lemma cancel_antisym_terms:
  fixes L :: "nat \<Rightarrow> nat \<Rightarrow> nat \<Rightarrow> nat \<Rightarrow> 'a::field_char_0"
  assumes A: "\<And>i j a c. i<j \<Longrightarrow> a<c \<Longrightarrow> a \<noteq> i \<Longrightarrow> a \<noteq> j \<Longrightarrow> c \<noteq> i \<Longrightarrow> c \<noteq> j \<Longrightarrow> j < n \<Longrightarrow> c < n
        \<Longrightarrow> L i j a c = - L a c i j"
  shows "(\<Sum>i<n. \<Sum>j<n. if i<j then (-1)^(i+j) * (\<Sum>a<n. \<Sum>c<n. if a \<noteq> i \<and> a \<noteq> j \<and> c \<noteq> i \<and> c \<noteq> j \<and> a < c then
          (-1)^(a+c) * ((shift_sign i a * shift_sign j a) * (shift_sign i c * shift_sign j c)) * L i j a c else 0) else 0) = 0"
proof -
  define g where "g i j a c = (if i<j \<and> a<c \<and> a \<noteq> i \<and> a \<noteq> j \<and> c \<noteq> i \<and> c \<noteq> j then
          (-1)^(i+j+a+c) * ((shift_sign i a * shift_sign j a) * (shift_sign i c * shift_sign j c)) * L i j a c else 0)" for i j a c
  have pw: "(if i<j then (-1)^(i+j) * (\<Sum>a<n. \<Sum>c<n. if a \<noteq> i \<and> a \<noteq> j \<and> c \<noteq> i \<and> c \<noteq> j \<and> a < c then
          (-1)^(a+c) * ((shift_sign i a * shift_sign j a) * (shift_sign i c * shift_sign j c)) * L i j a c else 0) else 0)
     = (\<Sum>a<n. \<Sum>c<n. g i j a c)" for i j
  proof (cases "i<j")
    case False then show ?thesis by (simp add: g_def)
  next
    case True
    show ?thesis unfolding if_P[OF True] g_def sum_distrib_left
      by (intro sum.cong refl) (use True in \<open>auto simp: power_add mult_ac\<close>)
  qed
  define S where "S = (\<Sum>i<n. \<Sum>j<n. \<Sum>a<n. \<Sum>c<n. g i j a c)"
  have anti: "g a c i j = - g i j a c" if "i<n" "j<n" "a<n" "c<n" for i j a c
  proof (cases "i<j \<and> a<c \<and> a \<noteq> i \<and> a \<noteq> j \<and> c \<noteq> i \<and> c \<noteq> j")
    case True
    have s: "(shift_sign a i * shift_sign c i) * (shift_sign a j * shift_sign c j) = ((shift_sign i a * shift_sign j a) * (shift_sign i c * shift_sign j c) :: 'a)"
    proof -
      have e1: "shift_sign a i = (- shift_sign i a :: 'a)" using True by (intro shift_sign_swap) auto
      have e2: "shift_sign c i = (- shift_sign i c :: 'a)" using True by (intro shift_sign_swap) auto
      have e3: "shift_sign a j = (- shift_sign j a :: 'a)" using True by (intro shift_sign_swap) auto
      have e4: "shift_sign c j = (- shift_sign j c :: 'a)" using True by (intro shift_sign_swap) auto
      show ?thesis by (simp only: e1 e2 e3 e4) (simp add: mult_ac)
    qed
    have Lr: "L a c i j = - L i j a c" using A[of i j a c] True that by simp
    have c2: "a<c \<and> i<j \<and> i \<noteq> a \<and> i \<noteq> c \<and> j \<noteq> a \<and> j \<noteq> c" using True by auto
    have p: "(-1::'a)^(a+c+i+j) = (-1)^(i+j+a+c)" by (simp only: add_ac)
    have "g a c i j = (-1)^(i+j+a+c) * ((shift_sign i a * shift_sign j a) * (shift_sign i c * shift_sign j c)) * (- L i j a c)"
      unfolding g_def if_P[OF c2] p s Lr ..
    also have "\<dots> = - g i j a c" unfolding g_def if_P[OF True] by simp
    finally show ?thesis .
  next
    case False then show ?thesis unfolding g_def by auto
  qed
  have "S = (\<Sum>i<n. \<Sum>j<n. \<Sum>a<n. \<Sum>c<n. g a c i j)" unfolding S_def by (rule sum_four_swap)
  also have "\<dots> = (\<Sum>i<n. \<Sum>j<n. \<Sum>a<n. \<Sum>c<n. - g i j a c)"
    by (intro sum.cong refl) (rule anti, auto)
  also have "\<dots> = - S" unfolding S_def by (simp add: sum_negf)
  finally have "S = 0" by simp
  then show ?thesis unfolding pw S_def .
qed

==

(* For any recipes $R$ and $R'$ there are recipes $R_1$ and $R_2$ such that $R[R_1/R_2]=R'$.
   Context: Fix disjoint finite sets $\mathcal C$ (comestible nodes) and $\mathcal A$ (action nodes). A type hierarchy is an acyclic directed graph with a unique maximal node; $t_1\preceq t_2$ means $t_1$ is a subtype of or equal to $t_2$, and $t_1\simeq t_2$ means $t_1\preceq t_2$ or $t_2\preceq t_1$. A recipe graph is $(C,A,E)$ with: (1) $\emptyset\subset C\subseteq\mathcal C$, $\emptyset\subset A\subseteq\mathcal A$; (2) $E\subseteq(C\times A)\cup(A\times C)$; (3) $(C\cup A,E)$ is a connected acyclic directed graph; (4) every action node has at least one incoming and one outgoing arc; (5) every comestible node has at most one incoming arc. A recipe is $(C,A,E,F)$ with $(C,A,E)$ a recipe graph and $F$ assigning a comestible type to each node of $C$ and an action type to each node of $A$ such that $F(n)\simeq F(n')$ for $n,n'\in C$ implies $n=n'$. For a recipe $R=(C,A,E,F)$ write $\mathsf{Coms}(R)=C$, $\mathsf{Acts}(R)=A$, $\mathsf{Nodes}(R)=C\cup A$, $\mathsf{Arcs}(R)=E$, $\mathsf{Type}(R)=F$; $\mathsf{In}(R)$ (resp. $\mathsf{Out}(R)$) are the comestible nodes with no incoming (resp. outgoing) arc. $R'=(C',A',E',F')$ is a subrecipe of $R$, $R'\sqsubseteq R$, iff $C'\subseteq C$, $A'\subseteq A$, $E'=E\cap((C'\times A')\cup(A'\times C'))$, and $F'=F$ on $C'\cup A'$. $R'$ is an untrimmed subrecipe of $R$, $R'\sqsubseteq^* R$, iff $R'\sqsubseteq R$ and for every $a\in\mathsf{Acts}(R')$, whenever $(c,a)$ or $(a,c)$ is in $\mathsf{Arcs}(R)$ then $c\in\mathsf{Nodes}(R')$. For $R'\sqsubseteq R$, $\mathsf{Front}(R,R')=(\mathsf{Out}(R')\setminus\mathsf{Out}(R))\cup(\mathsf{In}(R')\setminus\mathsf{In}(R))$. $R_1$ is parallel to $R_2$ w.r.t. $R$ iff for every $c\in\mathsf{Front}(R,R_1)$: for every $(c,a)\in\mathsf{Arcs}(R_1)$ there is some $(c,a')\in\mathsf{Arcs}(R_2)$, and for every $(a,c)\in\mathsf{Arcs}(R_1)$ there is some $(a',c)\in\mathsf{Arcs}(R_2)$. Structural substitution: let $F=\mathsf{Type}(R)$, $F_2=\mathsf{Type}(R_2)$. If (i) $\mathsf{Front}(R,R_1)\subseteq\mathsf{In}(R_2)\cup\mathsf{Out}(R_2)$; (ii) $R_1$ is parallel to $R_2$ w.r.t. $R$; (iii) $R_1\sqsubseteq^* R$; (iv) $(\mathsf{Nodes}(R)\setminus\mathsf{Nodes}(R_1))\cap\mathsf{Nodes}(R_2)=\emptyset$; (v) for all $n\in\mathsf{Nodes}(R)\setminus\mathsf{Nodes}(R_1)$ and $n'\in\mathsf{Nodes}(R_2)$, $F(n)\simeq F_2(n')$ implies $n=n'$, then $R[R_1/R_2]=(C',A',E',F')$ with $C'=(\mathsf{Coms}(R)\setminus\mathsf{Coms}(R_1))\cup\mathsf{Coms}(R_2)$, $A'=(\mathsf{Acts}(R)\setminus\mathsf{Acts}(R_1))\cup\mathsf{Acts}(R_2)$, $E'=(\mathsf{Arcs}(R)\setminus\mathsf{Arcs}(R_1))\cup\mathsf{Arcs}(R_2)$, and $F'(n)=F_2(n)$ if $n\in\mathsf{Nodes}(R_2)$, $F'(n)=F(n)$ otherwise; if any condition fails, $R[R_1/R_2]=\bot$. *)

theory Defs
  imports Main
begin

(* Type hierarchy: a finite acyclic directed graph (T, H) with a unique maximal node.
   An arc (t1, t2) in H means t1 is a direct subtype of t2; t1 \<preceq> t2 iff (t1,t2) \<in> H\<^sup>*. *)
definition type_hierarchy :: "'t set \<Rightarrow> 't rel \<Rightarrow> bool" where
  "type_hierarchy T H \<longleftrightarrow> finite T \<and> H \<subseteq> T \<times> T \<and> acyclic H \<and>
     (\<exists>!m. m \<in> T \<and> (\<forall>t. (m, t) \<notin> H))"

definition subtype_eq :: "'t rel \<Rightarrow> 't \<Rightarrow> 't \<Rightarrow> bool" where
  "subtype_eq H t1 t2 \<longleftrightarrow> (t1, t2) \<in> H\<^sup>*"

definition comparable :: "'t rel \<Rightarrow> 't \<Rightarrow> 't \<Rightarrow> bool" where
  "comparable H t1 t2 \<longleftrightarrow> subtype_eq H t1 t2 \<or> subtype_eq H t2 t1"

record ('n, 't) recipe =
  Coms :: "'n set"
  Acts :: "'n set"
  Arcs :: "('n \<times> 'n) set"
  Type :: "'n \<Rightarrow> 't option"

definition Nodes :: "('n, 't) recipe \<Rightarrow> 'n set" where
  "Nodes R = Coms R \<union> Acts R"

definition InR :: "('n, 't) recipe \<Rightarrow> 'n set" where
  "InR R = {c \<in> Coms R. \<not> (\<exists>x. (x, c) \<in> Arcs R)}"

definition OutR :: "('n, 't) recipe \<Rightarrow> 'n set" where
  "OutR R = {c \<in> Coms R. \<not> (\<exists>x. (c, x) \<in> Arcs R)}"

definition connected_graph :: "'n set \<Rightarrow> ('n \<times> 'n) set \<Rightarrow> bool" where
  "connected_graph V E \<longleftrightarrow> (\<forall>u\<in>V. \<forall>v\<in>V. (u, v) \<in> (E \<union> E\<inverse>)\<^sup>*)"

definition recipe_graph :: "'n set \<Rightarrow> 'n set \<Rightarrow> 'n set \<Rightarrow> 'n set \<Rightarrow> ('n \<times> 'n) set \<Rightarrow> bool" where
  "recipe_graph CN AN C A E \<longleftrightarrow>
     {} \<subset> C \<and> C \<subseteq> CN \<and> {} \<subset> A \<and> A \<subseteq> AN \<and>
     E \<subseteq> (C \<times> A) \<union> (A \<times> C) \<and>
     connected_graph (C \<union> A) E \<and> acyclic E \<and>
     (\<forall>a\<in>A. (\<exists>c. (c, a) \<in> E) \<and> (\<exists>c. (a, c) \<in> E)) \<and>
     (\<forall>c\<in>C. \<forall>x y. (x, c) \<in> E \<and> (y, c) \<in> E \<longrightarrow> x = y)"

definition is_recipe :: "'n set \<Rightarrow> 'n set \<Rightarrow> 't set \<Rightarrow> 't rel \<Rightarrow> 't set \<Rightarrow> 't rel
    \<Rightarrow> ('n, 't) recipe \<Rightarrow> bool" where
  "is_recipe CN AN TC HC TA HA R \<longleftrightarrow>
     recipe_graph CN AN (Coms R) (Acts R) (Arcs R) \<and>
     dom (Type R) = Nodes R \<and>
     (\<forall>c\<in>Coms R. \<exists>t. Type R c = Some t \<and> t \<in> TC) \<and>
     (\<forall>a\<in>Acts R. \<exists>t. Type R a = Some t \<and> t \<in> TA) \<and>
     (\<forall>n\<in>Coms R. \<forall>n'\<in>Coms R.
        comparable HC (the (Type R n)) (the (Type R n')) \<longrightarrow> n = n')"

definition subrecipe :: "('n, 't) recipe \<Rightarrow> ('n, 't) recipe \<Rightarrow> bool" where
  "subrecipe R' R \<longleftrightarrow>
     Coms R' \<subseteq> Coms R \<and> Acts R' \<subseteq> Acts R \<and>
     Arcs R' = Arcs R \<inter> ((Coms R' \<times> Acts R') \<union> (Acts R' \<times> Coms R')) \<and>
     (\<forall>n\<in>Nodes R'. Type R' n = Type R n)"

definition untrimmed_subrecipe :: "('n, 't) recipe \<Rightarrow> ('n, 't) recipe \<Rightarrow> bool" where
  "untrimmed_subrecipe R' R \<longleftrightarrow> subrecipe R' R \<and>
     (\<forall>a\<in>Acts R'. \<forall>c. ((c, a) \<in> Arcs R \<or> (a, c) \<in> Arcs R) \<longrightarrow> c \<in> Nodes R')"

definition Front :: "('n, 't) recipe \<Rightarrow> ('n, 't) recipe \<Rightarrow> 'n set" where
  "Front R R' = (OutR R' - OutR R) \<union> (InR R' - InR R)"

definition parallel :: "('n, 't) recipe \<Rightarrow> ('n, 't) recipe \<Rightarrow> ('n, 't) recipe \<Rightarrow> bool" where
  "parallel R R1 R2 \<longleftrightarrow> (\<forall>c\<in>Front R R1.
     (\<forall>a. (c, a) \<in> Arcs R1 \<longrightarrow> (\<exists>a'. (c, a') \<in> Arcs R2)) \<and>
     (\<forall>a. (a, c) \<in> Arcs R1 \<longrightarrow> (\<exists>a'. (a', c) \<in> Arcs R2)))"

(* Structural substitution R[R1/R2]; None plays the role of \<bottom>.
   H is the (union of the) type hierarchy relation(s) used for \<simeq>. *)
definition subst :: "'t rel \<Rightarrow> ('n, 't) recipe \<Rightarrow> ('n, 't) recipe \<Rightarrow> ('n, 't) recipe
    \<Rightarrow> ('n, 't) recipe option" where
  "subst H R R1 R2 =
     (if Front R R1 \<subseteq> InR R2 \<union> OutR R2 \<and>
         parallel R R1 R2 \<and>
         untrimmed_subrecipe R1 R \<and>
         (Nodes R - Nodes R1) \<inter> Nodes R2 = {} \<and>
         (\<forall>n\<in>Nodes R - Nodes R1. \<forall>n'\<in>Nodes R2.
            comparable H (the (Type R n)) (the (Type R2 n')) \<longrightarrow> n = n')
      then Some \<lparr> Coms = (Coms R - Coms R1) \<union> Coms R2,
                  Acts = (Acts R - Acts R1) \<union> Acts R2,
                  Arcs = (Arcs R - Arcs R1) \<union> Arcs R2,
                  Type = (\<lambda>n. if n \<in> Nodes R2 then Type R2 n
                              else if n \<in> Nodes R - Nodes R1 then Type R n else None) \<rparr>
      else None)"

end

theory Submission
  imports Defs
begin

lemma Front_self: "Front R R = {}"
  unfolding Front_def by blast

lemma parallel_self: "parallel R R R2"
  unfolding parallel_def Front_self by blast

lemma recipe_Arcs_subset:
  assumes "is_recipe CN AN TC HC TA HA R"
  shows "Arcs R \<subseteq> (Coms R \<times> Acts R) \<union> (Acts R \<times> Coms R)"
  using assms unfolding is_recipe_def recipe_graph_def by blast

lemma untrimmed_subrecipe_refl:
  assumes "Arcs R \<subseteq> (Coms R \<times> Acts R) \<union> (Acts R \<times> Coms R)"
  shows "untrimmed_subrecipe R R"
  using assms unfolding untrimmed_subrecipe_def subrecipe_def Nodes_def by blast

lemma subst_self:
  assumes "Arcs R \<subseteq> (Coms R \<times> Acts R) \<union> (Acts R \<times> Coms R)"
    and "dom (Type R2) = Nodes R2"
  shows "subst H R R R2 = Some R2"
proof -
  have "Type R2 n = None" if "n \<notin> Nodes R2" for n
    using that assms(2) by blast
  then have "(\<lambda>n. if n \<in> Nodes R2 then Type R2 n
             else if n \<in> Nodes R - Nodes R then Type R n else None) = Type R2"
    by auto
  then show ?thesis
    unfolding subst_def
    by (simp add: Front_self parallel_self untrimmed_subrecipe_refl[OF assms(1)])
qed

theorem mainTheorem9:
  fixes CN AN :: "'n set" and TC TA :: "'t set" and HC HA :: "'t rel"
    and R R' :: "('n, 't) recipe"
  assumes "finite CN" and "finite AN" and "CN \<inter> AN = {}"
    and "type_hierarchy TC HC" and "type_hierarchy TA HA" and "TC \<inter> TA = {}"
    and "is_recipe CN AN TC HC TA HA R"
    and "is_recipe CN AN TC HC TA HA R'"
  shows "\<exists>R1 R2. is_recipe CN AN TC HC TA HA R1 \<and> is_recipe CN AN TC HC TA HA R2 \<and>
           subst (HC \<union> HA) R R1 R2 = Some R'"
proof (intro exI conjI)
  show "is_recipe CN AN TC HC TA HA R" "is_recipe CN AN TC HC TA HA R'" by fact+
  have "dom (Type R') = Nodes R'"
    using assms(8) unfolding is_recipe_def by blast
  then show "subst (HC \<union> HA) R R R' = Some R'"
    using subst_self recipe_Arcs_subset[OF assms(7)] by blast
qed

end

# Work item
Every line of the entries that includes "option" must be copied into the answer.

# Response
  Type :: "'n \<Rightarrow> 't option"
    \<Rightarrow> ('n, 't) recipe option" where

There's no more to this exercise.